Algebra of Differential Invariants.
Whether algebraic or differential, one can distinguish two
families of applications for invariants of group actions:
equivalence problems, together with classification and canonical
forms, and symmetry reduction. In this latter case invariants
are used to take into account the symmetry of a problem, mainly
in order to reduce its size or its analysis. The computational
requirements include then four main components: the explicit
computation of a generating set of invariants, and the relations
among them (syzygies); procedures for rewriting the problem in
terms of the invariants; and finally procedures for computing in
the algebra of invariants. For differential invariants, those
issues have been coherently addressed in a series of papers. The
algebraic foundations developed therein support an algorithmic
suite that is being implemented in the Maple package AIDA that
works on top of the library DifferentialGeometry and the
extension of the library diffalg to non commutative derivations.
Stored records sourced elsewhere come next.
(* Every twofold partition having a representation in Model $F^{\underline u}$ has a representation in Model $F^{u}$, and there exist a finite product set $X$ and a (linear) twofold partition of $X$ satisfying the standing assumptions that has a representation in Model $F^{u}$ but none in Model $F^{\underline u}$.
   Context: Setting. $N=\{1,\dots,n\}$, $n\ge2$; $X=X_1\times\dots\times X_n$, each $X_i$ finite. $(y_i,x_{-i})$ denotes $x$ with $i$-th coordinate replaced by $y_i$. A twofold partition $\langle\mathcal A,\mathcal U\rangle$ of $X$: disjoint sets with union $X$. Define $x_i\succsim_i y_i$ iff [for all $a_{-i}\in\prod_{j\ne i}X_j$, $(y_i,a_{-i})\in\mathcal A\Rightarrow(x_i,a_{-i})\in\mathcal A$]. Standing assumptions: every attribute is influential (exist $x_i,y_i,a_{-i}$ with $(x_i,a_{-i})\in\mathcal A$, $(y_i,a_{-i})\in\mathcal U$) and each $\succsim_i$ is antisymmetric. $x\succsim y$ iff $x_i\succsim_i y_i$ for all $i$. Model $F^{u}$: there are semiorders $S_i$ on $X_i$ (reflexive, Ferrers: $xS_iy, zS_iw\Rightarrow xS_iw$ or $zS_iy$; semitransitive: $xS_iy, yS_iz\Rightarrow xS_iw$ or $wS_iz$), the relation $S$ on $X$ given by $xSy$ iff $x_iS_iy_i$ for all $i\in N$ with asymmetric part $P$, and a set $\mathcal P\subseteq X$ with no $p,q\in\mathcal P$ satisfying $pPq$, such that for all $x$: $x\in\mathcal U$ iff [$pPx$ for some $p\in\mathcal P$ and not $xPq$ for all $q\in\mathcal P$]. Model $F^{\underline u}$: Model $F^{u}$ with a representation in which $S_i=\succsim_i$ for all $i$. *)

theory Defs
  imports "HOL-Library.FuncSet"
begin

text \<open>A twofold partition is given by its first class A (a subset of X); U = X - A.\<close>

definition prodX :: "nat \<Rightarrow> (nat \<Rightarrow> 'a set) \<Rightarrow> (nat \<Rightarrow> 'a) set" where
  "prodX n Xs = PiE {1..n} Xs"

definition others :: "nat \<Rightarrow> (nat \<Rightarrow> 'a set) \<Rightarrow> nat \<Rightarrow> (nat \<Rightarrow> 'a) set" where
  "others n Xs i = PiE ({1..n} - {i}) Xs"

definition pref :: "nat \<Rightarrow> (nat \<Rightarrow> 'a set) \<Rightarrow> (nat \<Rightarrow> 'a) set \<Rightarrow> nat \<Rightarrow> 'a \<Rightarrow> 'a \<Rightarrow> bool" where
  "pref n Xs A i xi yi \<longleftrightarrow>
     (\<forall>a \<in> others n Xs i. a(i := yi) \<in> A \<longrightarrow> a(i := xi) \<in> A)"

definition twofold_partition :: "nat \<Rightarrow> (nat \<Rightarrow> 'a set) \<Rightarrow> (nat \<Rightarrow> 'a) set \<Rightarrow> bool" where
  "twofold_partition n Xs A \<longleftrightarrow> A \<subseteq> prodX n Xs"

definition standing :: "nat \<Rightarrow> (nat \<Rightarrow> 'a set) \<Rightarrow> (nat \<Rightarrow> 'a) set \<Rightarrow> bool" where
  "standing n Xs A \<longleftrightarrow>
     n \<ge> 2 \<and> (\<forall>i\<in>{1..n}. finite (Xs i)) \<and> twofold_partition n Xs A \<and>
     (\<forall>i\<in>{1..n}. \<exists>xi\<in>Xs i. \<exists>yi\<in>Xs i. \<exists>a\<in>others n Xs i.
         a(i := xi) \<in> A \<and> a(i := yi) \<notin> A) \<and>
     (\<forall>i\<in>{1..n}. \<forall>xi\<in>Xs i. \<forall>yi\<in>Xs i.
         pref n Xs A i xi yi \<and> pref n Xs A i yi xi \<longrightarrow> xi = yi)"

definition linear_partition :: "nat \<Rightarrow> (nat \<Rightarrow> 'a set) \<Rightarrow> (nat \<Rightarrow> 'a) set \<Rightarrow> bool" where
  "linear_partition n Xs A \<longleftrightarrow>
     (\<forall>i\<in>{1..n}. \<forall>xi\<in>Xs i. \<forall>yi\<in>Xs i. pref n Xs A i xi yi \<or> pref n Xs A i yi xi)"

definition semiorder_on :: "'a set \<Rightarrow> ('a \<Rightarrow> 'a \<Rightarrow> bool) \<Rightarrow> bool" where
  "semiorder_on C R \<longleftrightarrow>
     (\<forall>x\<in>C. R x x) \<and>
     (\<forall>x\<in>C. \<forall>y\<in>C. \<forall>z\<in>C. \<forall>w\<in>C. R x y \<and> R z w \<longrightarrow> R x w \<or> R z y) \<and>
     (\<forall>x\<in>C. \<forall>y\<in>C. \<forall>z\<in>C. \<forall>w\<in>C. R x y \<and> R y z \<longrightarrow> R x w \<or> R w z)"

definition Srel :: "nat \<Rightarrow> (nat \<Rightarrow> 'a \<Rightarrow> 'a \<Rightarrow> bool) \<Rightarrow> (nat \<Rightarrow> 'a) \<Rightarrow> (nat \<Rightarrow> 'a) \<Rightarrow> bool" where
  "Srel n S x y \<longleftrightarrow> (\<forall>i\<in>{1..n}. S i (x i) (y i))"

definition Prel :: "nat \<Rightarrow> (nat \<Rightarrow> 'a \<Rightarrow> 'a \<Rightarrow> bool) \<Rightarrow> (nat \<Rightarrow> 'a) \<Rightarrow> (nat \<Rightarrow> 'a) \<Rightarrow> bool" where
  "Prel n S x y \<longleftrightarrow> Srel n S x y \<and> \<not> Srel n S y x"

definition rep_Fu :: "nat \<Rightarrow> (nat \<Rightarrow> 'a set) \<Rightarrow> (nat \<Rightarrow> 'a) set
    \<Rightarrow> (nat \<Rightarrow> 'a \<Rightarrow> 'a \<Rightarrow> bool) \<Rightarrow> (nat \<Rightarrow> 'a) set \<Rightarrow> bool" where
  "rep_Fu n Xs A S Pset \<longleftrightarrow>
     (\<forall>i\<in>{1..n}. semiorder_on (Xs i) (S i)) \<and>
     Pset \<subseteq> prodX n Xs \<and>
     (\<forall>p\<in>Pset. \<forall>q\<in>Pset. \<not> Prel n S p q) \<and>
     (\<forall>x\<in>prodX n Xs. x \<notin> A \<longleftrightarrow>
         ((\<exists>p\<in>Pset. Prel n S p x) \<and> (\<forall>q\<in>Pset. \<not> Prel n S x q)))"

definition model_Fu :: "nat \<Rightarrow> (nat \<Rightarrow> 'a set) \<Rightarrow> (nat \<Rightarrow> 'a) set \<Rightarrow> bool" where
  "model_Fu n Xs A \<longleftrightarrow> (\<exists>S Pset. rep_Fu n Xs A S Pset)"

definition model_Fu_under :: "nat \<Rightarrow> (nat \<Rightarrow> 'a set) \<Rightarrow> (nat \<Rightarrow> 'a) set \<Rightarrow> bool" where
  "model_Fu_under n Xs A \<longleftrightarrow>
     (\<exists>S Pset. rep_Fu n Xs A S Pset \<and>
        (\<forall>i\<in>{1..n}. \<forall>xi\<in>Xs i. \<forall>yi\<in>Xs i. S i xi yi \<longleftrightarrow> pref n Xs A i xi yi))"

end

theory Submission
  imports Defs
begin

text \<open>A representation with \<open>S\<^sub>i = \<succsim>\<^sub>i\<close> is in particular a representation in Model \<open>F\<^sup>u\<close>,
  so the first half is immediate. For the counterexample take \<open>X\<^sub>1 = {0,1}\<close>, \<open>X\<^sub>2 = X\<^sub>3 = {0,1,2}\<close>
  and \<open>\<A> = {x. x\<^sub>1 = 1 \<and> x\<^sub>2 + x\<^sub>3 \<ge> 2}\<close>, where every \<open>\<succsim>\<^sub>i\<close> is the natural order.
  Since the \<open>\<succsim>\<^sub>i\<close> are transitive, so is \<open>P\<close> in any \<open>F\<^sup>u\<close>-representation, and then every
  point strictly below a point of \<open>\<P>\<close> lies in \<open>\<U>\<close>. But \<open>(0,2,2) \<in> \<U>\<close> can only be strictly
  dominated by \<open>(1,2,2)\<close>, which also strictly dominates \<open>(1,0,2) \<in> \<A>\<close>. The intransitive
  semiorders \<open>b \<le> a + 1\<close> on the last two attributes escape this: they represent \<open>\<A>\<close>
  with \<open>\<P> = {(1,0,2), (1,1,1), (1,2,0)}\<close>.\<close>

lemma model_Fu_under_imp_model_Fu: "model_Fu_under n Xs A \<Longrightarrow> model_Fu n Xs A"
  unfolding model_Fu_under_def model_Fu_def by blast

lemma transp_on_pref: "transp_on C (pref n Xs A i)"
  unfolding transp_on_def pref_def by blast

lemma Srel_trans:
  assumes "\<forall>i\<in>{1..n}. transp_on (Xs i) (S i)"
    and "x \<in> prodX n Xs" "y \<in> prodX n Xs" "z \<in> prodX n Xs"
    and "Srel n S x y" "Srel n S y z"
  shows "Srel n S x z"
  using assms unfolding Srel_def prodX_def by (meson PiE_mem transp_onD)

lemma Prel_trans:
  assumes "\<forall>i\<in>{1..n}. transp_on (Xs i) (S i)"
    and "x \<in> prodX n Xs" "y \<in> prodX n Xs" "z \<in> prodX n Xs"
    and "Prel n S x y" "Prel n S y z"
  shows "Prel n S x z"
  using assms Srel_trans[OF assms(1)] unfolding Prel_def by blast

lemma rep_Fu_below_P_not_in:
  assumes rep: "rep_Fu n Xs A S Pset" and trans: "\<forall>i\<in>{1..n}. transp_on (Xs i) (S i)"
    and "p \<in> Pset" "Prel n S p y" "y \<in> prodX n Xs"
  shows "y \<notin> A"
proof
  assume "y \<in> A"
  with assms obtain q where q: "q \<in> Pset" "Prel n S y q"
    unfolding rep_Fu_def by blast
  with assms have "Prel n S p q"
    using Prel_trans[OF trans] unfolding rep_Fu_def by blast
  with q \<open>p \<in> Pset\<close> rep show False
    unfolding rep_Fu_def by blast
qed

lemma rep_Fu_under_below_P_not_in:
  assumes rep: "rep_Fu n Xs A S Pset"
    and S: "\<forall>i\<in>{1..n}. \<forall>u\<in>Xs i. \<forall>v\<in>Xs i. S i u v \<longleftrightarrow> pref n Xs A i u v"
    and "p \<in> Pset" "Prel n S p y" "y \<in> prodX n Xs"
  shows "y \<notin> A"
proof -
  have "transp_on (Xs i) (S i)" if "i \<in> {1..n}" for i
  proof (rule transp_onI)
    fix u v w assume "u \<in> Xs i" "v \<in> Xs i" "w \<in> Xs i" "S i u v" "S i v w"
    with S that show "S i u w"
      using transp_onD[OF transp_on_pref] by metis
  qed
  with rep_Fu_below_P_not_in[OF rep] assms(3-) show ?thesis
    by blast
qed

definition Xs0 :: "nat \<Rightarrow> nat set" where
  "Xs0 i = (if i = 1 then {0,1} else {0,1,2})"

definition A0 :: "(nat \<Rightarrow> nat) set" where
  "A0 = {x \<in> prodX 3 Xs0. x 1 = 1 \<and> 2 \<le> x 2 + x 3}"

definition triple :: "nat \<Rightarrow> nat \<Rightarrow> nat \<Rightarrow> nat \<Rightarrow> nat" where
  "triple a b c = (\<lambda>i. if i = 1 then a else if i = 2 then b else if i = 3 then c else undefined)"

definition S0 :: "nat \<Rightarrow> nat \<Rightarrow> nat \<Rightarrow> bool" where
  "S0 i a b \<longleftrightarrow> (if i = 1 then b \<le> a else b \<le> a + 1)"

definition P0 :: "(nat \<Rightarrow> nat) set" where
  "P0 = {triple 1 0 2, triple 1 1 1, triple 1 2 0}"

lemma atLeastAtMost_1_3: "{1..3::nat} = {1,2,3}"
  by auto

lemma mem_prodX_Xs0: "x \<in> prodX 3 Xs0 \<longleftrightarrow>
    x 1 \<in> {0,1} \<and> x 2 \<in> {0,1,2} \<and> x 3 \<in> {0,1,2} \<and> (\<forall>i. i \<notin> {1,2,3} \<longrightarrow> x i = undefined)"
  unfolding prodX_def PiE_iff extensional_def atLeastAtMost_1_3 Xs0_def by simp

lemma triple_in_prodX_Xs0: "triple a b c \<in> prodX 3 Xs0 \<longleftrightarrow> a \<in> {0,1} \<and> b \<in> {0,1,2} \<and> c \<in> {0,1,2}"
  by (auto simp: mem_prodX_Xs0 triple_def)

lemma Srel_3: "Srel 3 S x y \<longleftrightarrow> S 1 (x 1) (y 1) \<and> S 2 (x 2) (y 2) \<and> S 3 (x 3) (y 3)"
  unfolding Srel_def atLeastAtMost_1_3 by simp

lemma pref_A0_if_ge:
  assumes i: "i \<in> {1..3}" and "u \<in> Xs0 i" "v \<le> u"
  shows "pref 3 Xs0 A0 i u v"
  unfolding pref_def
proof (intro ballI impI)
  fix a assume "a \<in> others 3 Xs0 i" "a(i := v) \<in> A0"
  moreover have "i = 1 \<or> i = 2 \<or> i = 3"
    using i by auto
  ultimately show "a(i := u) \<in> A0"
    using assms by (auto simp: A0_def Xs0_def prodX_def others_def PiE_iff extensional_def)
qed

lemma not_pref_A0_if_less:
  assumes i: "i \<in> {1..3}" and "u \<in> Xs0 i" "v \<in> Xs0 i" "u < v"
  shows "\<not> pref 3 Xs0 A0 i u v"
proof -
  \<comment> \<open>One witness serves all three attributes: for \<open>i = 1\<close> we have \<open>v = 1\<close>, so \<open>2 - v = 1\<close>.\<close>
  define a :: "nat \<Rightarrow> nat" where
    "a = (\<lambda>j. if j = i then undefined else if j = 1 then 1 else if j \<in> {2,3} then 2 - v else undefined)"
  have "i = 1 \<or> i = 2 \<or> i = 3"
    using i by auto
  then have "a \<in> others 3 Xs0 i" "a(i := v) \<in> A0" "a(i := u) \<notin> A0"
    using assms by (auto simp: a_def others_def PiE_iff extensional_def Xs0_def A0_def mem_prodX_Xs0)
  then show ?thesis
    unfolding pref_def by blast
qed

lemma pref_A0_iff:
  assumes "i \<in> {1..3}" "u \<in> Xs0 i" "v \<in> Xs0 i"
  shows "pref 3 Xs0 A0 i u v \<longleftrightarrow> v \<le> u"
  using pref_A0_if_ge[OF assms(1,2)] not_pref_A0_if_less[OF assms] by force

lemma standing_A0: "standing 3 Xs0 A0"
proof -
  have "\<exists>xi\<in>Xs0 i. \<exists>yi\<in>Xs0 i. \<exists>a\<in>others 3 Xs0 i. a(i := xi) \<in> A0 \<and> a(i := yi) \<notin> A0"
    if i: "i \<in> {1..3}" for i
  proof -
    have "0 \<in> Xs0 i" "1 \<in> Xs0 i"
      by (auto simp: Xs0_def)
    with not_pref_A0_if_less[OF i] show ?thesis
      unfolding pref_def by fastforce
  qed
  moreover have "A0 \<subseteq> prodX 3 Xs0"
    by (auto simp: A0_def)
  ultimately show ?thesis
    unfolding standing_def twofold_partition_def using pref_A0_iff by (auto simp: Xs0_def)
qed

lemma linear_partition_A0: "linear_partition 3 Xs0 A0"
  unfolding linear_partition_def using pref_A0_iff by fastforce

lemma rep_Fu_A0: "rep_Fu 3 Xs0 A0 S0 P0"
  unfolding rep_Fu_def
proof (intro conjI ballI)
  show "semiorder_on (Xs0 i) (S0 i)" for i
    unfolding semiorder_on_def S0_def by auto
  show "P0 \<subseteq> prodX 3 Xs0"
    by (auto simp: P0_def triple_in_prodX_Xs0)
  show "\<not> Prel 3 S0 p q" if "p \<in> P0" "q \<in> P0" for p q
    using that by (auto simp: P0_def Prel_def Srel_3 triple_def S0_def)
  fix x assume "x \<in> prodX 3 Xs0"
  then have "x \<in> A0 \<longleftrightarrow> x 1 = 1 \<and> 2 \<le> x 2 + x 3"
    and "x 1 = 0 \<or> x 1 = 1" "x 2 = 0 \<or> x 2 = 1 \<or> x 2 = 2" "x 3 = 0 \<or> x 3 = 1 \<or> x 3 = 2"
    by (auto simp: A0_def mem_prodX_Xs0)
  then show "x \<notin> A0 \<longleftrightarrow> (\<exists>p\<in>P0. Prel 3 S0 p x) \<and> (\<forall>q\<in>P0. \<not> Prel 3 S0 x q)"
    unfolding P0_def Prel_def Srel_3 by (elim disjE; simp add: triple_def S0_def)
qed

lemma not_model_Fu_under_A0: "\<not> model_Fu_under 3 Xs0 A0"
proof
  assume "model_Fu_under 3 Xs0 A0"
  then obtain S P where rep: "rep_Fu 3 Xs0 A0 S P"
    and S_pref: "\<forall>i\<in>{1..3}. \<forall>u\<in>Xs0 i. \<forall>v\<in>Xs0 i. S i u v \<longleftrightarrow> pref 3 Xs0 A0 i u v"
    unfolding model_Fu_under_def by blast
  have Srel_iff: "Srel 3 S u v \<longleftrightarrow> v 1 \<le> u 1 \<and> v 2 \<le> u 2 \<and> v 3 \<le> u 3"
    if "u \<in> prodX 3 Xs0" "v \<in> prodX 3 Xs0" for u v
  proof -
    have "S i (u i) (v i) \<longleftrightarrow> v i \<le> u i" if "i \<in> {1..3}" for i
      using \<open>u \<in> prodX 3 Xs0\<close> \<open>v \<in> prodX 3 Xs0\<close> that S_pref pref_A0_iff
      by (simp add: prodX_def PiE_iff)
    then show ?thesis
      unfolding Srel_3 by simp
  qed
  have P_sub: "P \<subseteq> prodX 3 Xs0"
    and U_iff: "\<And>x. x \<in> prodX 3 Xs0 \<Longrightarrow> x \<notin> A0 \<longleftrightarrow> (\<exists>p\<in>P. Prel 3 S p x) \<and> (\<forall>q\<in>P. \<not> Prel 3 S x q)"
    using rep unfolding rep_Fu_def by simp_all
  let ?x = "triple 0 2 2" and ?y = "triple 1 0 2"
  have x: "?x \<in> prodX 3 Xs0" "?x \<notin> A0" and y: "?y \<in> prodX 3 Xs0" "?y \<in> A0"
    by (simp_all add: triple_in_prodX_Xs0 A0_def) (simp_all add: triple_def)
  then obtain p where p: "p \<in> P" "Prel 3 S p ?x"
    using U_iff by blast
  then have pX: "p \<in> prodX 3 Xs0"
    using P_sub by blast
  with p(2) have "p 1 = 1" "p 2 = 2" "p 3 = 2"
    unfolding Prel_def Srel_iff[OF pX x(1)] Srel_iff[OF x(1) pX] by (auto simp: mem_prodX_Xs0 triple_def)
  then have "Prel 3 S p ?y"
    unfolding Prel_def Srel_iff[OF pX y(1)] Srel_iff[OF y(1) pX] by (simp add: triple_def)
  with rep_Fu_under_below_P_not_in[OF rep S_pref p(1)] y show False
    by blast
qed

theorem proposition4:
  shows "(\<forall>(n::nat) (Xs :: nat \<Rightarrow> 'a set) A.
            standing n Xs A \<and> model_Fu_under n Xs A \<longrightarrow> model_Fu n Xs A)
       \<and> (\<exists>(n::nat) (Xs :: nat \<Rightarrow> nat set) A.
            standing n Xs A \<and> linear_partition n Xs A \<and>
            model_Fu n Xs A \<and> \<not> model_Fu_under n Xs A)"
proof
  show "\<forall>(n::nat) (Xs :: nat \<Rightarrow> 'a set) A.
            standing n Xs A \<and> model_Fu_under n Xs A \<longrightarrow> model_Fu n Xs A"
    using model_Fu_under_imp_model_Fu by blast
  have "model_Fu 3 Xs0 A0"
    unfolding model_Fu_def using rep_Fu_A0 by blast
  then show "\<exists>(n::nat) (Xs :: nat \<Rightarrow> nat set) A.
            standing n Xs A \<and> linear_partition n Xs A \<and>
            model_Fu n Xs A \<and> \<not> model_Fu_under n Xs A"
    using standing_A0 linear_partition_A0 not_model_Fu_under_A0 by blast
qed

end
In this talk I focus on three descriptions of the differential
algebra of differential invariants as given by generators and
syzygies. The normalized and edge invariants were the focus in
the reinterpretation of the moving frame method by Fels & Olver
(1999). My contribution here is first to show the completeness
of a set of syzygies for the normalized invariants that can be
written down with minimal information on the group action
(namely the infinitesimal generators). Second, I provide the
adequate general concept of edge invariants and show their
generating properties. The syzygies for edge invariants are
obtained by applying the algorithms for differential elimination
that I generalized to non-commuting derivations. Another
contibution is to exhibit the generating and rewriting
properties of Maurer-Cartan invariants. Those have desirable
properties from the computational point of view. They are all
the more meaningful when one understands that they are the
differential invariants that come into play in the moving frame
method as practiced by Griffiths (1974) and differential
geometers. The syzygies for the Maurer-Cartan invariants
naturally follow from the structure equations for the group.